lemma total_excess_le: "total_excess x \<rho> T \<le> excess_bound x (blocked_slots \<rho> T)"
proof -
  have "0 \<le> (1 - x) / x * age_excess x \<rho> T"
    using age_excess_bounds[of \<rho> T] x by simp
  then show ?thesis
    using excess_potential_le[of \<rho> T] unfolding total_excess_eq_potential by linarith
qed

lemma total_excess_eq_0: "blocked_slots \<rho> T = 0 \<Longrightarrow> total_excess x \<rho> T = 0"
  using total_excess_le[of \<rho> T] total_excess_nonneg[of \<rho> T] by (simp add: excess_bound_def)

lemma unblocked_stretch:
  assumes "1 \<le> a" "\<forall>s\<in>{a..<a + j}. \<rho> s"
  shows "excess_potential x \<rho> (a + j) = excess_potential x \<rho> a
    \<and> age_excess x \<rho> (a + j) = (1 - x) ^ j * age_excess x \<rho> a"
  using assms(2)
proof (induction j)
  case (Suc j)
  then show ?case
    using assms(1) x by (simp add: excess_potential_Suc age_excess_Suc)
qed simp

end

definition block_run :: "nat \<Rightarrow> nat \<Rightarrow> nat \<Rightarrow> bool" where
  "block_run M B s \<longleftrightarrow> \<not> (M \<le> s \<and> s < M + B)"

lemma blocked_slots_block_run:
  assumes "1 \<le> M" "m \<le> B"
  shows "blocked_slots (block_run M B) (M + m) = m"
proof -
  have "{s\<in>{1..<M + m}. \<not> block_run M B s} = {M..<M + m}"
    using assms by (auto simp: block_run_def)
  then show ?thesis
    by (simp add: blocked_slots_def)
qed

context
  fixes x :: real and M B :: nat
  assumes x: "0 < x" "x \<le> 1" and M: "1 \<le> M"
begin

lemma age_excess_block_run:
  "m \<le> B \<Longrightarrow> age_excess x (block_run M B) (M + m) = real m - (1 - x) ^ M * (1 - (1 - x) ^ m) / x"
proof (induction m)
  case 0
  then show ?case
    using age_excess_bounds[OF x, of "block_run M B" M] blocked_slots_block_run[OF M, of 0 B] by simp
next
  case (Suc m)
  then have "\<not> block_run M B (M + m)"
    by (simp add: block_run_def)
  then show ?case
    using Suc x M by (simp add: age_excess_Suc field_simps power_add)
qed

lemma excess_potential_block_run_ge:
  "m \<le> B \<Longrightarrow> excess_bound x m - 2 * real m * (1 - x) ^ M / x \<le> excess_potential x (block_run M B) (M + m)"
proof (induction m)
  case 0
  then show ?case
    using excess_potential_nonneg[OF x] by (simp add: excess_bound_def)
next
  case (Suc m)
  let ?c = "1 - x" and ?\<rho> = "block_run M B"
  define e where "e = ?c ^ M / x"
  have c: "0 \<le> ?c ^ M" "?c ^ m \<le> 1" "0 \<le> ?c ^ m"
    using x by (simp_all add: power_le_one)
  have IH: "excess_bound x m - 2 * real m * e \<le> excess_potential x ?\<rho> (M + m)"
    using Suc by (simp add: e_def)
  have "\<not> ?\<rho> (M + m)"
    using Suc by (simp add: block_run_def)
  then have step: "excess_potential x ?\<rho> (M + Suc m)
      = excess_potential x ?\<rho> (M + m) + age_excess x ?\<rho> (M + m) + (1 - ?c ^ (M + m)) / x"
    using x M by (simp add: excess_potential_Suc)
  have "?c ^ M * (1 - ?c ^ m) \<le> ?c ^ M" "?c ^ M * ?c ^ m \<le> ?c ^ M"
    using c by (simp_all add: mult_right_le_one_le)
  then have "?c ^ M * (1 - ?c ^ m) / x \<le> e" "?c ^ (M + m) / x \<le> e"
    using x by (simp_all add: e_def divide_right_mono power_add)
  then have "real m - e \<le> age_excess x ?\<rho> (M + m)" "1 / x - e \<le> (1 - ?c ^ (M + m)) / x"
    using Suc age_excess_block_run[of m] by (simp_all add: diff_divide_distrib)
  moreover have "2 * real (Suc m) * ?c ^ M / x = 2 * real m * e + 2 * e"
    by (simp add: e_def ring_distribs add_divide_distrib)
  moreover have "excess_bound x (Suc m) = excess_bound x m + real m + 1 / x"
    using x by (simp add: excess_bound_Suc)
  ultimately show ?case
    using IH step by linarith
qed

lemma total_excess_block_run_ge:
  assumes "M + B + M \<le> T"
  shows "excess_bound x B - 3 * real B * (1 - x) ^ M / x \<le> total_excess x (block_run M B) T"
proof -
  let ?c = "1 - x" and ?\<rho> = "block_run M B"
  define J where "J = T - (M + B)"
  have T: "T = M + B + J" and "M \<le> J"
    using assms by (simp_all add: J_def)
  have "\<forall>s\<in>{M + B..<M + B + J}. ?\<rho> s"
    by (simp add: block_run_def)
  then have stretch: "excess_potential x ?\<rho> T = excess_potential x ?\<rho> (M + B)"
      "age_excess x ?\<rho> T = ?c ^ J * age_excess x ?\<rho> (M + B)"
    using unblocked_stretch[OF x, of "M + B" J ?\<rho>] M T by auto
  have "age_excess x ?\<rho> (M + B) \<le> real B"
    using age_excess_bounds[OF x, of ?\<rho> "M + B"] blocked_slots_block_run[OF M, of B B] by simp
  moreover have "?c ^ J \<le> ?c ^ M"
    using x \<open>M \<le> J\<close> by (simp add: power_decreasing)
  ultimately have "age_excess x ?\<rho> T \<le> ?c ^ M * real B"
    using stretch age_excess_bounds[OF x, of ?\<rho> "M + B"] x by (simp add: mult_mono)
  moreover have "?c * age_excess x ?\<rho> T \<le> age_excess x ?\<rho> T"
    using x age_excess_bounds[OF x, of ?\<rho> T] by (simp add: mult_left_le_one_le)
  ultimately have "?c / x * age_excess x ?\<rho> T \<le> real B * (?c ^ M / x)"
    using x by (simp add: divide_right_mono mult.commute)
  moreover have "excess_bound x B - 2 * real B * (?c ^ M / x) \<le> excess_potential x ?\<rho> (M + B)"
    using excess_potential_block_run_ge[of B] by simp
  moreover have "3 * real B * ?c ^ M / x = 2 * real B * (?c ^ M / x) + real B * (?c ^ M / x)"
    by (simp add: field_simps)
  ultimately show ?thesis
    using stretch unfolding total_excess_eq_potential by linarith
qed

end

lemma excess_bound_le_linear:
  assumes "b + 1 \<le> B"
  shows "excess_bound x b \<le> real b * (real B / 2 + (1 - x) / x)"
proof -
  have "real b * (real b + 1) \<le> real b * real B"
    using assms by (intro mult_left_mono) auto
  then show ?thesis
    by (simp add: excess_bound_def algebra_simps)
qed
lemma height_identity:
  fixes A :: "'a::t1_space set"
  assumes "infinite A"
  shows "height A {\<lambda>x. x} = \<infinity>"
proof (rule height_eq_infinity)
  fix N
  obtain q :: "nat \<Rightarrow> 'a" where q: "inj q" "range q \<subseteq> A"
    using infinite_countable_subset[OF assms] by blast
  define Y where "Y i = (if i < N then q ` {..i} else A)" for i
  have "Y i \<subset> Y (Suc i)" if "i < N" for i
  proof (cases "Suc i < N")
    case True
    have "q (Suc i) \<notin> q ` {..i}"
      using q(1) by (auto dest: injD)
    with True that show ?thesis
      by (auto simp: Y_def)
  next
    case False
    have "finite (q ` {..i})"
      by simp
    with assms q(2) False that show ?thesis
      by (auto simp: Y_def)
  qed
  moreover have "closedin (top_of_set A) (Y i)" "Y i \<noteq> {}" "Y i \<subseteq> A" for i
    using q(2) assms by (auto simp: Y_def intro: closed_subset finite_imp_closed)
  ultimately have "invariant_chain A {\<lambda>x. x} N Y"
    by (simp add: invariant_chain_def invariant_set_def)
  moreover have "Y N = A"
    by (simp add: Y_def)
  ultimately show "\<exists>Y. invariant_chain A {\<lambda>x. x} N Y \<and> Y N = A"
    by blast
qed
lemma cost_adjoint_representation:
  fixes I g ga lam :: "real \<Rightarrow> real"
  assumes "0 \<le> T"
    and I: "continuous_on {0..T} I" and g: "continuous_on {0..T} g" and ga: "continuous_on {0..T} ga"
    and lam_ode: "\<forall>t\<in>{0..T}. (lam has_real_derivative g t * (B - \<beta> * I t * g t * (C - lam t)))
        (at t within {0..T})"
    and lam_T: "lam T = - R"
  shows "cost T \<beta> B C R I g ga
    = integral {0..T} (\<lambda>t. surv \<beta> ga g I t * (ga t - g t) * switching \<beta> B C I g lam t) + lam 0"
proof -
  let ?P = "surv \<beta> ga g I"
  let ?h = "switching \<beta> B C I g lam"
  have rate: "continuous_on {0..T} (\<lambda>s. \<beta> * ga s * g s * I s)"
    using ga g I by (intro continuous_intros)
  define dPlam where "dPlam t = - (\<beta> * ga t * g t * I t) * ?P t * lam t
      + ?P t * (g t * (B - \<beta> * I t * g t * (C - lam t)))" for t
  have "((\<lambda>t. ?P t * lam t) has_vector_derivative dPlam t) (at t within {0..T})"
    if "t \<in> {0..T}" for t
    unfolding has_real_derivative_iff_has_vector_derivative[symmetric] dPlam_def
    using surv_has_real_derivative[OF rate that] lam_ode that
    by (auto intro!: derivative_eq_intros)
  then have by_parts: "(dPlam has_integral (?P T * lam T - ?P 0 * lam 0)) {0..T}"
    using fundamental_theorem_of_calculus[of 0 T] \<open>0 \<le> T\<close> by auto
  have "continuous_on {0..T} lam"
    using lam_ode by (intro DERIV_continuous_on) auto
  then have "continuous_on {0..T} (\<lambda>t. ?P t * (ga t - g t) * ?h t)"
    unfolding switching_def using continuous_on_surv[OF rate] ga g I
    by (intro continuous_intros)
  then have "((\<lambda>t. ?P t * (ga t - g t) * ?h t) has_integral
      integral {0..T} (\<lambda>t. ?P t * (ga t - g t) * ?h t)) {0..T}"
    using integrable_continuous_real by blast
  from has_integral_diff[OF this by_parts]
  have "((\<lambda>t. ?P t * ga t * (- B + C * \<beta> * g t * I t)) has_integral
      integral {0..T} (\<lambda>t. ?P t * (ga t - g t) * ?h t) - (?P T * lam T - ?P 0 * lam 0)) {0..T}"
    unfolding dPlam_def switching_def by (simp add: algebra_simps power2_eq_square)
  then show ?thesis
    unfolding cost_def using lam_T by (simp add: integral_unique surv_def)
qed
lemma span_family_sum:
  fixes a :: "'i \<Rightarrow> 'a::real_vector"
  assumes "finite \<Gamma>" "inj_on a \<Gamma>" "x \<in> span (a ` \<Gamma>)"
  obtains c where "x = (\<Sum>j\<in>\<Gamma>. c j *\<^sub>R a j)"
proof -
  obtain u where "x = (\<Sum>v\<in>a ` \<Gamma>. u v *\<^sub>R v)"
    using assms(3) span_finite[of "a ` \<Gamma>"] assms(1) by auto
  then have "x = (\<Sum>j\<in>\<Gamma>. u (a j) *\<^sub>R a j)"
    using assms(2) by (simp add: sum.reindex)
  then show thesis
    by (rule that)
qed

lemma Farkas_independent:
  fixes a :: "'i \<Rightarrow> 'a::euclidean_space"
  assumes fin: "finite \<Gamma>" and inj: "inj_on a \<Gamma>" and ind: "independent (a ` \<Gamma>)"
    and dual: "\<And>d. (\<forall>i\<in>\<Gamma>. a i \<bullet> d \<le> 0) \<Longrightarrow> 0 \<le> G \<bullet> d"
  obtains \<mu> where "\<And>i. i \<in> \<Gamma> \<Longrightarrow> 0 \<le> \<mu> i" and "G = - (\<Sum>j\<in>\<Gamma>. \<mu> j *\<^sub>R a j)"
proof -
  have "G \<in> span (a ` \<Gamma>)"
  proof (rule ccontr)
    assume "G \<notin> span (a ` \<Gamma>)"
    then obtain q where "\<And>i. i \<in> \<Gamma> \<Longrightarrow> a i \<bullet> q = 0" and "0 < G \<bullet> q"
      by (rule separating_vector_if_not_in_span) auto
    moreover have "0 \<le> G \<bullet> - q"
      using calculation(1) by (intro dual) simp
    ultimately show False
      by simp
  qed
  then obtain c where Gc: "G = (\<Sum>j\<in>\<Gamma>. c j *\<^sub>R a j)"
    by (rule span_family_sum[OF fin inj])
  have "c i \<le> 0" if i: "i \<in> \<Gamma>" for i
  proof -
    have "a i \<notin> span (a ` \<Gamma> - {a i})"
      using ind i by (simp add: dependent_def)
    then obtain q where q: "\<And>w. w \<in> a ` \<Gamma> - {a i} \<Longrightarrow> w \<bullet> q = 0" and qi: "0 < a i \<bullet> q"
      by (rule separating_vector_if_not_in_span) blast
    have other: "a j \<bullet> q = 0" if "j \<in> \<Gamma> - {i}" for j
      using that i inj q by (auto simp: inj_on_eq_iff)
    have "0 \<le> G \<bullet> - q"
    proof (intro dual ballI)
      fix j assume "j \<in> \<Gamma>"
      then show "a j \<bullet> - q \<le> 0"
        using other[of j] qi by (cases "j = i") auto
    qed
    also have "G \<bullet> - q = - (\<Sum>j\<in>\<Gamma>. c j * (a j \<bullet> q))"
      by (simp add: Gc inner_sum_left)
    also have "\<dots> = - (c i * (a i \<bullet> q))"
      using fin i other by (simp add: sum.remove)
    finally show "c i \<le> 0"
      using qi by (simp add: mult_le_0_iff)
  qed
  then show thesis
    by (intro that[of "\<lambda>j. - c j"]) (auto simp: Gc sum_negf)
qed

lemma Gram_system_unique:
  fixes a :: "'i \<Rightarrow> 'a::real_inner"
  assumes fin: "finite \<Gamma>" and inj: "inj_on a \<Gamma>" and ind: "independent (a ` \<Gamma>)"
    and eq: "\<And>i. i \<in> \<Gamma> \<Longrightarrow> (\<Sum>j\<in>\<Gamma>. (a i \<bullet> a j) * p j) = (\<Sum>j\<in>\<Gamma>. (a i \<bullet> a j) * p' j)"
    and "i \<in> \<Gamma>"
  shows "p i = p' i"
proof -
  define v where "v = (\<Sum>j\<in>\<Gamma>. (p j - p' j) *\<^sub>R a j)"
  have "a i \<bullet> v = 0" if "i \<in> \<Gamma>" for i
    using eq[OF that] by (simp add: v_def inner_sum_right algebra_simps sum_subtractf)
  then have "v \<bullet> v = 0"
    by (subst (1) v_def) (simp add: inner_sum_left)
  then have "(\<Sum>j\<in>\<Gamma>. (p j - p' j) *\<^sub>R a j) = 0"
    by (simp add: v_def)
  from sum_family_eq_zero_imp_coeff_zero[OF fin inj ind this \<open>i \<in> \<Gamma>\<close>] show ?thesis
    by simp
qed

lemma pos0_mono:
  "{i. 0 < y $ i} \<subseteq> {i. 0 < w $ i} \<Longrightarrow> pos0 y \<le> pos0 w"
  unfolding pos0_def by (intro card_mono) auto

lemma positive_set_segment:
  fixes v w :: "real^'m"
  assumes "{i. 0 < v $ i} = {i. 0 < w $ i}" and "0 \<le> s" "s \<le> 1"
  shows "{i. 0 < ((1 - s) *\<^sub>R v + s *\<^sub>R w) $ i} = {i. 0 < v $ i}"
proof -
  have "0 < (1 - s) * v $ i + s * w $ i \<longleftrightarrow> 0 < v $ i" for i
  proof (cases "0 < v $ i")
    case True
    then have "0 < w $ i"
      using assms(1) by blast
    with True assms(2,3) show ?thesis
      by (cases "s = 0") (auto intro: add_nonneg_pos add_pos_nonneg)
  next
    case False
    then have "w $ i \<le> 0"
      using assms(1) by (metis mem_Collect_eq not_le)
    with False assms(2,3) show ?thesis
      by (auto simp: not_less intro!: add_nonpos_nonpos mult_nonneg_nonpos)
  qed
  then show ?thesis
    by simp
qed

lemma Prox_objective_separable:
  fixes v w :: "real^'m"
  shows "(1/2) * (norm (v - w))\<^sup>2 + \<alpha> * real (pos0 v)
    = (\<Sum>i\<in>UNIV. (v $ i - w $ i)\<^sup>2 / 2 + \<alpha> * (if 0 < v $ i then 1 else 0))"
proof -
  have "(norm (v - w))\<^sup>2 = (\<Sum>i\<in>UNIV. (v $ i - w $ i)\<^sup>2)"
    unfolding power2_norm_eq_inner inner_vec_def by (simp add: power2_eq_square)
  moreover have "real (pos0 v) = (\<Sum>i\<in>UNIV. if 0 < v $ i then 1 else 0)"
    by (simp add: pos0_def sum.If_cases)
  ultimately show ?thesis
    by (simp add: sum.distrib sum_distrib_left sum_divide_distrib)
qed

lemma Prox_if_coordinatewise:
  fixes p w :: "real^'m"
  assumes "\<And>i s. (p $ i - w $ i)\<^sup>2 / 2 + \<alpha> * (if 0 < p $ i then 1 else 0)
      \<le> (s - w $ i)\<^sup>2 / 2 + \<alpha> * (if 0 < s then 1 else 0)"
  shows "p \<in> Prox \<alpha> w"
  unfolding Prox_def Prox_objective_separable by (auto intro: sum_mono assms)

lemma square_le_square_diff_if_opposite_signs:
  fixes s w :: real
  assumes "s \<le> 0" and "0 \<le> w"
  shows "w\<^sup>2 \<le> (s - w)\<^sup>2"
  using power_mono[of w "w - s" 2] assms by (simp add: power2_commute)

> _WHAT YOU HAVE TO DO_: Set down the lines of the listing above verbatim, first line through the line containing "nat \<Rightarrow> nat", inclusive; add no other lines.

> _TASK ANSWER_:
lemma total_excess_le: "total_excess x \<rho> T \<le> excess_bound x (blocked_slots \<rho> T)"
proof -
  have "0 \<le> (1 - x) / x * age_excess x \<rho> T"
    using age_excess_bounds[of \<rho> T] x by simp
  then show ?thesis
    using excess_potential_le[of \<rho> T] unfolding total_excess_eq_potential by linarith
qed

lemma total_excess_eq_0: "blocked_slots \<rho> T = 0 \<Longrightarrow> total_excess x \<rho> T = 0"
  using total_excess_le[of \<rho> T] total_excess_nonneg[of \<rho> T] by (simp add: excess_bound_def)

lemma unblocked_stretch:
  assumes "1 \<le> a" "\<forall>s\<in>{a..<a + j}. \<rho> s"
  shows "excess_potential x \<rho> (a + j) = excess_potential x \<rho> a
    \<and> age_excess x \<rho> (a + j) = (1 - x) ^ j * age_excess x \<rho> a"
  using assms(2)
proof (induction j)
  case (Suc j)
  then show ?case
    using assms(1) x by (simp add: excess_potential_Suc age_excess_Suc)
qed simp

end

definition block_run :: "nat \<Rightarrow> nat \<Rightarrow> nat \<Rightarrow> bool" where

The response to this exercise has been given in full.